lemma sturm_quotient_nonpos:
  fixes c q d s :: "real \<Rightarrow> real"
  assumes c': "\<forall>t\<in>{l..u}. (c has_real_derivative q t / s t) (at t within {l..u})"
    and q': "\<forall>t\<in>{l..u}. (q has_real_derivative - d t * q t) (at t within {l..u})"
    and d: "\<forall>t\<in>{l..u}. 0 \<le> d t"
    and s: "\<forall>t\<in>{l..u}. s t \<noteq> 0"
    and "c l = 0" "c u = 0"
  shows "\<forall>t\<in>{l..u}. c t \<le> 0"
proof (rule ccontr)
  assume "\<not> ?thesis"
  then obtain t0 where "t0 \<in> {l..u}" "0 < c t0" by force
  with c' \<open>c l = 0\<close> \<open>c u = 0\<close> obtain tm where
    tm: "tm \<in> {l<..<u}" "0 < c tm" "\<forall>t\<in>{l..u}. c t \<le> c tm" "q tm / s tm = 0"
    by (rule positive_interior_max)
  then have "q tm = 0" using s by simp
  have "q t = 0" if t: "t \<in> {tm..u}" for t
  proof -
    have "- (q tm)\<^sup>2 \<le> - (q t)\<^sup>2"
    proof (rule DERIV_nonneg_imp_le_within[where S="{l..u}" and f="\<lambda>t. - (q t)\<^sup>2"])
      show "\<forall>t\<in>{l..u}. ((\<lambda>t. - (q t)\<^sup>2) has_real_derivative 2 * d t * (q t)\<^sup>2) (at t within {l..u})"
        using q' by (auto intro!: derivative_eq_intros simp: power2_eq_square)
      show "\<forall>t\<in>{tm<..<t}. 0 \<le> 2 * d t * (q t)\<^sup>2" using d t tm by auto
    qed (use t tm in auto)
    then show ?thesis using \<open>q tm = 0\<close> by simp
  qed
  then have "c tm \<le> c u"
    using tm by (intro DERIV_nonneg_imp_le_within[where S="{l..u}", OF _ _ c']) auto
  then show False using tm \<open>c u = 0\<close> by simp
qed

lemma sturm_separation_zero:
  fixes y y' y'' z z' z'' d k :: "real \<Rightarrow> real"
  assumes y: "\<forall>t\<in>{l..u}. (y has_real_derivative y' t) (at t within {l..u}) \<and>
      (y' has_real_derivative y'' t) (at t within {l..u}) \<and> y'' t + d t * y' t + k t * y t = 0"
    and z: "\<forall>t\<in>{l..u}. (z has_real_derivative z' t) (at t within {l..u}) \<and>
      (z' has_real_derivative z'' t) (at t within {l..u}) \<and> z'' t + d t * z' t + k t * z t = 0"
    and y_pos: "\<forall>t\<in>{l..u}. 0 < y t"
    and d: "\<forall>t\<in>{l..u}. 0 \<le> d t"
    and "z l = 0" "z u = 0"
  shows "\<forall>t\<in>{l..u}. z t = 0"
proof -
  define W where "W t = z' t * y t - z t * y' t" for t
  have W': "(W has_real_derivative - d t * W t) (at t within {l..u})" if "t \<in> {l..u}" for t
  proof -
    have "z'' t + d t * z' t + k t * z t = 0" "y'' t + d t * y' t + k t * y t = 0"
      using y z that by blast+
    then have "z'' t * y t - z t * y'' t = - d t * W t"
      unfolding W_def by algebra
    moreover have "(W has_real_derivative z'' t * y t - z t * y'' t) (at t within {l..u})"
      unfolding W_def [abs_def] using y z that
      by (auto intro!: derivative_eq_intros simp: algebra_simps)
    ultimately show ?thesis by simp
  qed
  have quot': "((\<lambda>t. z t / y t) has_real_derivative W t / (y t * y t)) (at t within {l..u})"
    if "t \<in> {l..u}" for t
  proof -
    have "y t \<noteq> 0" using y_pos that by force
    then show ?thesis using y z that unfolding W_def
      by (auto intro!: derivative_eq_intros simp: power2_eq_square)
  qed
  have le: "\<forall>t\<in>{l..u}. z t / y t \<le> 0"
    by (rule sturm_quotient_nonpos[where q=W and s="\<lambda>t. y t * y t"])
      (use quot' W' d y_pos \<open>z l = 0\<close> \<open>z u = 0\<close> in auto)
  have neg_quot': "((\<lambda>t. - z t / y t) has_real_derivative - W t / (y t * y t)) (at t within {l..u})"
    and neg_W': "((\<lambda>t. - W t) has_real_derivative - d t * - W t) (at t within {l..u})"
    if "t \<in> {l..u}" for t
    using DERIV_minus[OF quot'[OF that]] DERIV_minus[OF W'[OF that]] by simp_all
  have ge: "\<forall>t\<in>{l..u}. - z t / y t \<le> 0"
    by (rule sturm_quotient_nonpos[where q="\<lambda>t. - W t" and s="\<lambda>t. y t * y t"])
      (use neg_quot' neg_W' d y_pos \<open>z l = 0\<close> \<open>z u = 0\<close> in auto)
  show ?thesis
  proof
    fix t assume t: "t \<in> {l..u}"
    have "z t / y t \<le> 0" "- (z t / y t) \<le> 0" using le ge t by auto
    then have "z t / y t = 0" by linarith
    moreover have "y t \<noteq> 0" using y_pos t by force
    ultimately show "z t = 0" by simp
  qed
qed

definition perp :: "real^2 \<Rightarrow> real^2" where
  "perp v = vector [- v$2, v$1]"

lemma inner_perp_self [simp]: "v \<bullet> perp v = 0"
  by (simp add: perp_def inner_vec_def sum_2)

lemma unit_perp_decomposition:
  fixes e v :: "real^2"
  assumes "norm e = 1"
  shows "v = (v \<bullet> e) *\<^sub>R e + (v \<bullet> perp e) *\<^sub>R perp e"
proof -
  have "e$1 * e$1 + e$2 * e$2 = 1"
    using assms by (simp add: norm_eq_1 inner_vec_def sum_2)
  then show ?thesis
    by (simp add: vec_eq_iff forall_2 perp_def inner_vec_def sum_2 algebra_simps) algebra
qed

lemma has_real_derivative_inner_const:
  assumes "(f has_vector_derivative f') F"
  shows "((\<lambda>t. f t \<bullet> v) has_real_derivative f' \<bullet> v) F"
  using bounded_linear.has_vector_derivative[OF bounded_linear_inner_left assms]
  unfolding has_real_derivative_iff_has_vector_derivative .

lemma has_real_derivative_GDERIV_compose:
  assumes "GDERIV f (x t) :> g" and "(x has_vector_derivative v) (at t within S)"
  shows "((\<lambda>t. f (x t)) has_real_derivative v \<bullet> g) (at t within S)"
proof -
  have "((f \<circ> x) has_derivative (\<lambda>h. (h *\<^sub>R v) \<bullet> g)) (at t within S)"
    using diff_chain_within[OF assms(2)[unfolded has_vector_derivative_def]
        has_derivative_at_withinI[OF assms(1)[unfolded gderiv_def]]]
    by (simp add: o_def)
  moreover have "(\<lambda>h. (h *\<^sub>R v) \<bullet> g) = (*) (v \<bullet> g)" by auto
  ultimately show ?thesis by (simp add: has_field_derivative_def o_def)
qed

locale rectilinear_kepler_solution =
  fixes D :: "real^2 \<Rightarrow> real" and gradD :: "real^2 \<Rightarrow> real^2" and T :: real
    and x x' x'' :: "real \<Rightarrow> real^2" and w0 :: "real^2" and r :: "real \<Rightarrow> real"
  assumes D_nonneg: "\<forall>y. y \<noteq> 0 \<longrightarrow> D y \<ge> 0"
    and D_bounded: "bounded (D ` (- {0}))"
    and D_grad: "\<forall>y. y \<noteq> 0 \<longrightarrow> GDERIV D y :> gradD y"
    and T_pos: "T > 0"
    and sol: "kepler_solution D T x x' x''"
    and unit_w0: "norm w0 = 1"
    and radial: "\<forall>t\<in>{-T..0}. r t > 0 \<and> x t = r t *\<^sub>R w0"
begin

definition r' :: "real \<Rightarrow> real" where "r' t = x' t \<bullet> w0"
definition r'' :: "real \<Rightarrow> real" where "r'' t = x'' t \<bullet> w0"
definition damping :: "real \<Rightarrow> real" where "damping t = D (x t)"

lemma inner_w0_self [simp]: "w0 \<bullet> w0 = 1"
  using unit_w0 by (simp add: norm_eq_1)

lemma r_pos: "t \<in> {-T..0} \<Longrightarrow> 0 < r t"
  and x_radial: "t \<in> {-T..0} \<Longrightarrow> x t = r t *\<^sub>R w0"
  using radial by auto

====================

WORK TO COMPLETE: Every line of the listing that holds the string "thesis" counts once. Give the total alone.

EXERCISE OUTPUT: 7